Required action :: Look through the entries below and show every line containing the word "transform".

Data entries:
(* Let $d\ge1$, $f(t)=e^{-\pi|t|^2}$ on $\mathbb{R}^d$, $N>1$ and $0<R<\sqrt{\log N/\pi}$. Then there is no $g\in L^2(\mathbb{R}^d)\setminus\{0\}$ such that \[ |V_g f(z)|<\frac{|\langle f,g\rangle|}{N}\quad\text{for all } z\in\mathbb{R}^{2d}\text{ with } |z|>R. \]
   Context: For $f,g\in L^2(\mathbb{R}^d)$, the short-time Fourier transform is $V_g f(x,\omega)=\int_{\mathbb{R}^d} e^{-2\pi i t\cdot\omega} f(t)\overline{g(t-x)}\,dt$ for $z=(x,\omega)\in\mathbb{R}^{2d}$, and $\langle f,g\rangle=\int_{\mathbb{R}^d} f(t)\overline{g(t)}\,dt$. $|\cdot|$ is the Euclidean norm. *)

theory Defs
  imports "HOL-Analysis.Analysis"
begin

text \<open>Functions on R^d are modelled as maps real^'n => complex (d = CARD('n)).\<close>

definition L2 :: "(real^'n \<Rightarrow> complex) set" where
  "L2 = {g. g \<in> borel_measurable lebesgue \<and> integrable lebesgue (\<lambda>t. (norm (g t))\<^sup>2)}"

definition inner_L2 :: "(real^'n \<Rightarrow> complex) \<Rightarrow> (real^'n \<Rightarrow> complex) \<Rightarrow> complex" where
  "inner_L2 f g = integral\<^sup>L lebesgue (\<lambda>t. f t * cnj (g t))"

definition stft :: "(real^'n \<Rightarrow> complex) \<Rightarrow> (real^'n \<Rightarrow> complex) \<Rightarrow> real^'n \<Rightarrow> real^'n \<Rightarrow> complex" where
  "stft g f x w = integral\<^sup>L lebesgue
     (\<lambda>t. exp (- 2 * complex_of_real pi * \<i> * complex_of_real (t \<bullet> w)) * f t * cnj (g (t - x)))"

definition gaussian :: "real^'n \<Rightarrow> complex" where
  "gaussian t = complex_of_real (exp (- pi * (norm t)\<^sup>2))"

end

theory Submission
  imports Defs "HOL-Probability.Distributions" "HOL-Complex_Analysis.Cauchy_Integral_Formula"
begin

text \<open>
  Parametrise a circle of radius r in the time-frequency plane by
  z(t) = (r cos(2 pi t) e, r sin(2 pi t) e) with e a unit vector. For the Gaussian f, the
  phase-corrected transform exp(pi i x.w) V_g f(x, w) at z(t) is the integral over s of
  exp(-pi r^2/2) f(s) F_s(exp(2 pi i t)) conj(g(s)), where F_s(u) = exp(-2 pi r (s.e) u - pi r^2 u^2 / 2)
  is entire with F_s(0) = 1. The mean value property on the unit circle and Fubini's theorem show
  that its mean over the circle is exp(-pi r^2/2) <f, g>, so |V_g f| reaches exp(-pi r^2/2) |<f, g>|
  somewhere on every circle. A radius R < r < sqrt(log N / pi) makes exp(-pi r^2/2) > 1/N.
\<close>

lemma has_integral_circle_mean:
  fixes F :: "complex \<Rightarrow> complex"
  assumes "continuous_on (cball 0 1) F" and "F holomorphic_on ball 0 1"
  shows "((\<lambda>t::real. F (exp (2 * pi * \<i> * t))) has_integral F 0) {0..1}"
proof -
  have "((\<lambda>u. F u / (u - 0)) has_contour_integral (2 * of_real pi * \<i> * F 0)) (circlepath 0 1)"
    using assms by (intro Cauchy_integral_circlepath) auto
  hence "((\<lambda>t::real. (2 * of_real pi * \<i>) * F (exp (2 * pi * \<i> * t)))
      has_integral (2 * of_real pi * \<i>) * F 0) {0..1}"
    unfolding has_contour_integral vector_derivative_circlepath by (simp add: circlepath field_simps)
  thus ?thesis
    by (subst (asm) has_integral_mult_right_iff) auto
qed

lemma lborel_integral_circle_mean:
  fixes F :: "complex \<Rightarrow> complex"
  assumes "continuous_on (cball 0 1) F" and "F holomorphic_on ball 0 1"
  shows "(\<integral>t. indicator {0..1::real} t *\<^sub>R F (exp (2 * pi * \<i> * t)) \<partial>lborel) = F 0"
proof -
  let ?E = "\<lambda>t::real. F (exp (2 * pi * \<i> * t))"
  have "continuous_on {0..1} ?E"
    by (rule continuous_on_compose2[OF assms(1)]) (auto intro!: continuous_intros simp: norm_exp_i_times)
  hence "set_integrable lborel {0..1} ?E"
    unfolding set_integrable_def by (intro borel_integrable_compact) auto
  hence "(LINT t : {0..1} | lborel. ?E t) = integral {0..1} ?E"
    by (rule set_borel_integral_eq_integral(2))
  also have "\<dots> = F 0"
    using has_integral_circle_mean[OF assms] by (rule integral_unique)
  finally show ?thesis unfolding set_lebesgue_integral_def .
qed

lemma integrable_lborel_exp_minus_pi_square: "integrable lborel (\<lambda>x::real. exp (- pi * x\<^sup>2))"
proof -
  have "normal_density 0 (sqrt (1 / (2 * pi))) = (\<lambda>x::real. exp (- pi * x\<^sup>2))"
    by (auto simp: normal_density_def fun_eq_iff field_simps)
  moreover have "integrable lborel (normal_density 0 (sqrt (1 / (2 * pi))))" by simp
  ultimately show ?thesis by simp
qed

lemma integrable_lebesgue_exp_minus_pi_norm_square:
  "integrable lebesgue (\<lambda>s::'a::euclidean_space. exp (- pi * (norm s)\<^sup>2))"
proof -
  interpret product_sigma_finite "\<lambda>_::'a. lborel :: real measure" by standard
  have norm_sum: "(norm (\<Sum>b\<in>Basis. f b *\<^sub>R b :: 'a))\<^sup>2 = (\<Sum>b\<in>Basis. (f b)\<^sup>2)" for f
    unfolding power2_norm_eq_inner
    by (simp add: inner_sum_left inner_sum_right inner_Basis if_distrib power2_eq_square cong: if_cong)
  have "integrable (\<Pi>\<^sub>M b\<in>(Basis::'a set). lborel) (\<lambda>f. \<Prod>b\<in>Basis. exp (- pi * (f b)\<^sup>2))"
    using product_integrable_prod[of Basis "\<lambda>_ y. exp (- pi * y\<^sup>2)"]
      integrable_lborel_exp_minus_pi_square by simp
  hence "integrable (\<Pi>\<^sub>M b\<in>(Basis::'a set). lborel)
      (\<lambda>f. exp (- pi * (norm (\<Sum>b\<in>Basis. f b *\<^sub>R b :: 'a))\<^sup>2))"
    by (simp add: norm_sum sum_distrib_left exp_sum)
  hence "integrable (distr (\<Pi>\<^sub>M b\<in>(Basis::'a set). lborel) borel (\<lambda>f. \<Sum>b\<in>Basis. f b *\<^sub>R b))
      (\<lambda>s::'a. exp (- pi * (norm s)\<^sup>2))"
    by (subst integrable_distr_eq) auto
  hence "integrable lborel (\<lambda>s::'a. exp (- pi * (norm s)\<^sup>2))"
    by (simp add: lborel_eq[symmetric])
  thus ?thesis by (subst integrable_completion) auto
qed

lemma exp_minus_pi_norm_add_le:
  fixes x s :: "'a::real_normed_vector"
  assumes "norm x \<le> r"
  shows "exp (- pi * (norm (x + s))\<^sup>2) \<le> exp (pi * r\<^sup>2) * exp (- pi * (norm s)\<^sup>2 / 2)"
proof -
  have "norm s \<le> norm (x + s) + r"
    using norm_triangle_ineq4[of "x + s" x] assms by simp
  hence "(norm s)\<^sup>2 \<le> (norm (x + s) + r)\<^sup>2"
    by (intro power_mono) auto
  also have "\<dots> \<le> 2 * (norm (x + s))\<^sup>2 + 2 * r\<^sup>2"
    using sum_squares_bound[of "norm (x + s)" r] by (simp add: power2_sum)
  finally have "pi * (norm s)\<^sup>2 \<le> pi * (2 * (norm (x + s))\<^sup>2 + 2 * r\<^sup>2)"
    by (rule mult_left_mono) simp
  hence "- pi * (norm (x + s))\<^sup>2 \<le> pi * r\<^sup>2 + - pi * (norm s)\<^sup>2 / 2"
    by (simp add: algebra_simps)
  thus ?thesis by (simp flip: exp_add)
qed

lemma measurable_lebesgue_translate:
  fixes a :: "'a::euclidean_space"
  shows "(\<lambda>x. a + x) \<in> lebesgue \<rightarrow>\<^sub>M lebesgue"
  using lebesgue_affine_measurable[of "\<lambda>_. 1" a] by (simp add: euclidean_representation)

lemma integral_lebesgue_translate:
  fixes F :: "'a::euclidean_space \<Rightarrow> 'b::{banach,second_countable_topology}"
  assumes "F \<in> borel_measurable lebesgue"
  shows "integral\<^sup>L lebesgue F = (\<integral>s. F (a + s) \<partial>lebesgue)"
proof -
  have "lebesgue = distr lebesgue lebesgue (\<lambda>x. a + x)"
    using lebesgue_affine_euclidean[of "\<lambda>_. 1" a] by (simp add: euclidean_representation density_1)
  hence "integral\<^sup>L lebesgue F = integral\<^sup>L (distr lebesgue lebesgue (\<lambda>x. a + x)) F"
    by simp
  also have "\<dots> = (\<integral>s. F (a + s) \<partial>lebesgue)"
    by (rule integral_distr[OF measurable_lebesgue_translate assms])
  finally show ?thesis .
qed

lemma sigma_finite_lebesgue: "sigma_finite_measure (lebesgue :: 'a::euclidean_space measure)"
proof
  obtain A :: "'a set set" where A: "countable A" "A \<subseteq> sets lborel" "\<Union>A = space lborel"
      "\<forall>a\<in>A. emeasure lborel a \<noteq> \<infinity>"
    using lborel.sigma_finite_countable by blast
  have "\<forall>a\<in>A. emeasure lebesgue a \<noteq> \<infinity>" using A by (auto simp: subset_eq)
  thus "\<exists>A::'a set set. countable A \<and> A \<subseteq> sets lebesgue \<and> \<Union>A = space lebesgue \<and>
      (\<forall>a\<in>A. emeasure lebesgue a \<noteq> \<infinity>)"
    using A by (intro exI[of _ A]) auto
qed

lemma borel_measurable_continuous_lborel_lebesgue:
  fixes F :: "real \<times> 'a::euclidean_space \<Rightarrow> 'b::euclidean_space"
  assumes "continuous_on UNIV F"
  shows "F \<in> borel_measurable (lborel \<Otimes>\<^sub>M lebesgue)"
proof -
  have "(\<lambda>x::'a. x) \<in> lebesgue \<rightarrow>\<^sub>M lborel"
    by (rule measurable_completion) simp
  hence "(\<lambda>p. (fst p, snd p)) \<in> lborel \<Otimes>\<^sub>M lebesgue \<rightarrow>\<^sub>M lborel \<Otimes>\<^sub>M (lborel :: 'a measure)"
    by (intro measurable_Pair measurable_fst measurable_compose[OF measurable_snd])
  moreover have "F \<in> borel_measurable (lborel \<Otimes>\<^sub>M lborel)"
    unfolding lborel_prod by (subst measurable_cong_sets[OF sets_lborel refl])
      (rule borel_measurable_continuous_onI[OF assms])
  ultimately have "(\<lambda>p. F (fst p, snd p)) \<in> borel_measurable (lborel \<Otimes>\<^sub>M lebesgue)"
    by (rule measurable_compose)
  thus ?thesis by simp
qed

lemma (in pair_sigma_finite) integrable_dominated_by_product:
  fixes P :: "'a \<times> 'b \<Rightarrow> 'c::{banach,second_countable_topology}"
  assumes P[measurable]: "P \<in> borel_measurable (M1 \<Otimes>\<^sub>M M2)"
    and A: "integrable M1 A" and B: "integrable M2 B"
    and bound: "\<And>x y. norm (P (x, y)) \<le> A x * B y" and B_nonneg: "\<And>y. 0 \<le> B y"
  shows "integrable (M1 \<Otimes>\<^sub>M M2) P"
proof (rule Fubini_integrable[OF P])
  have bound': "norm (P (x, y)) \<le> norm (A x) * B y" for x y
    using bound[of x y] mult_right_mono[OF abs_ge_self B_nonneg, of "A x" y] by simp
  have slice: "integrable M2 (\<lambda>y. P (x, y))" if "x \<in> space M1" for x
  proof (rule Bochner_Integration.integrable_bound[OF integrable_mult_right[OF B, of "norm (A x)"]])
    show "(\<lambda>y. P (x, y)) \<in> borel_measurable M2" using that by measurable
    show "AE y in M2. norm (P (x, y)) \<le> norm (norm (A x) * B y)"
      using bound' B_nonneg by (intro AE_I2) (simp add: abs_mult)
  qed
  thus "AE x in M1. integrable M2 (\<lambda>y. P (x, y))" by simp
  show "integrable M1 (\<lambda>x. \<integral>y. norm (P (x, y)) \<partial>M2)"
  proof (rule Bochner_Integration.integrable_bound[OF integrable_mult_left[OF integrable_norm[OF A]]])
    show "(\<lambda>x. \<integral>y. norm (P (x, y)) \<partial>M2) \<in> borel_measurable M1"
      by (rule M2.borel_measurable_lebesgue_integral) (simp add: case_prod_beta')
    have "(\<integral>y. norm (P (x, y)) \<partial>M2) \<le> (\<integral>y. norm (A x) * B y \<partial>M2)" if "x \<in> space M1" for x
      using slice[OF that] B bound' by (intro integral_mono) auto
    thus "AE x in M1. norm (\<integral>y. norm (P (x, y)) \<partial>M2) \<le> norm (norm (A x) * (\<integral>y. B y \<partial>M2))"
      using integral_nonneg_AE[of B M2] B_nonneg by (intro AE_I2) (simp add: abs_mult)
  qed
qed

Answer section ::
   Context: For $f,g\in L^2(\mathbb{R}^d)$, the short-time Fourier transform is $V_g f(x,\omega)=\int_{\mathbb{R}^d} e^{-2\pi i t\cdot\omega} f(t)\overline{g(t-x)}\,dt$ for $z=(x,\omega)\in\mathbb{R}^{2d}$, and $\langle f,g\rangle=\int_{\mathbb{R}^d} f(t)\overline{g(t)}\,dt$. $|\cdot|$ is the Euclidean norm. *)
  phase-corrected transform exp(pi i x.w) V_g f(x, w) at z(t) is the integral over s of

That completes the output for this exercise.